If gay readers are offended by it they should go after the writers of the original material as well as Muehlenberg - people like prominent conservative gay Andrew Sullivan, and his publisher, The Atlantic. Of course they’re not, because the object of the exercise is to use mock outrage to try to close On Line Opinion down.
And some gay readers claim not to have been offended by the article, but by some of the comments to the article. Gregory Storer, one of the activists who have been lobbying against us claims to have been offended by this comment because it refers to homosexuality as a “perversion”:
It's interesting that so many people are offended by the truth. The fact is that homosexual activity is anything but healthy and natural. Certain lgbt's want their perversion to be called "normal" and "healthy" and they've decided the best way to do this is have their "marriages" formally recognised. But even if the law is changed, these "marriages" are anything but healthy and natural. It is, in fact, impossible for these people to be married, despite what any state or federal law may say.
These aren’t my views, but I don’t believe they are the sort of views that ought to be censored either. If Messrs Storer et al have a problem with them, then answering them on the thread is the correct course, not trying to suppress them. They’ll find many people who will agree with this poster as well as 1,310,000 results for a Google search on “homosexuality perversion”. They won’t change their minds by telling them they have no right to this opinion.
Which leads us to the question of whether it’s right for someone who disagrees with my publishing decisions to go to people who supply us with advertising and pressure them to withdraw that advertising?
Quite clearly it is not. It is a form of blackmail. It is an attempt to get me to break my fiduciary duty to my employer, as well as break the implicit covenant with you, our audience, to act impartially and fairly to all and to publish across the board without pushing a particular point of view. What activists like Storer are saying is that if I don’t act corruptly and prefer them against the interests of our stakeholders they will cause me financial harm and destroy something which you our audience also value.

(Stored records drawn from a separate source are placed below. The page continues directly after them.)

lemma amenable_folner:
  fixes F :: "'g::group_add set" and e :: real
  assumes "amenable_group TYPE('g)" "finite F" "0 < e"
  obtains S where "finite S" "S \<noteq> {}" "(1 - e) * real (card S) \<le> real (card (folner_interior F S))"
proof -
  obtain Y \<phi> where "finite Y" "Y \<noteq> {}" and \<phi>: "\<phi> \<in> prob_weights Y"
    and reiter: "right_diff_norm F (diff_support F Y) \<phi> \<le> e"
    using amenable_reiter[OF assms] .
  define W where "W = diff_support F Y"
  have "finite W" "Y \<subseteq> W"
    unfolding W_def diff_support_def using \<open>finite Y\<close> assms(2) by auto
  obtain S where "S \<subseteq> Y" "S \<noteq> {}" and S: "right_diff_norm F W (indicator S) \<le> e * card S"
    using right_diff_norm_level_set[OF \<open>finite Y\<close>, of \<phi> F W e] \<phi> reiter
    unfolding prob_weights_def W_def by auto
  then have "finite S"
    using \<open>finite Y\<close> finite_subset by blast
  have "real (card (S - folner_interior F S)) \<le> e * card S"
    using card_folner_boundary_le_right_diff_norm[OF assms(2) \<open>finite W\<close>] \<open>S \<subseteq> Y\<close> \<open>Y \<subseteq> W\<close> S
    by (meson order.trans)
  moreover have "card S = card (folner_interior F S) + card (S - folner_interior F S)"
    using card_Diff_subset[of "folner_interior F S" S] card_mono[of S "folner_interior F S"] \<open>finite S\<close>
      finite_subset[of "folner_interior F S" S]
    unfolding folner_interior_def by force
  ultimately have "(1 - e) * card S \<le> card (folner_interior F S)"
    by (simp add: algebra_simps)
  with \<open>finite S\<close> \<open>S \<noteq> {}\<close> show ?thesis
    using that by blast
qed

As Christopher Pearson points out in his article, based initially on a post by Helen Dale at Skeptic Lawyer, it is also a form of secondary boycott, something which is also illegal. For me the secondary boycott issue is very much secondary to the moral and ethical aspects of this activity.
On top of this they financially damage a number of sites which have nothing to do with my editorial decisions, some of whom have, and probably will, editorialise quite strongly in favour of gay marriage.
From a political point of view this activity is quite stupid anyway. Bill Muehlenberg’s article has received many more reads than it might otherwise because of this activity. Indeed I have been contacted by one organisation that lobbies for gay marriage seeking to assure me that they had nothing to do with the activist activity.
This sort of brown-shirt behaviour increases resistance to the aggressor’s agenda - it doesn’t help it.
Which leads us to the behaviour of the corporates.
I hope that the reasons the ANZ gave to Christopher Pearson were PR fluff rather than the truth.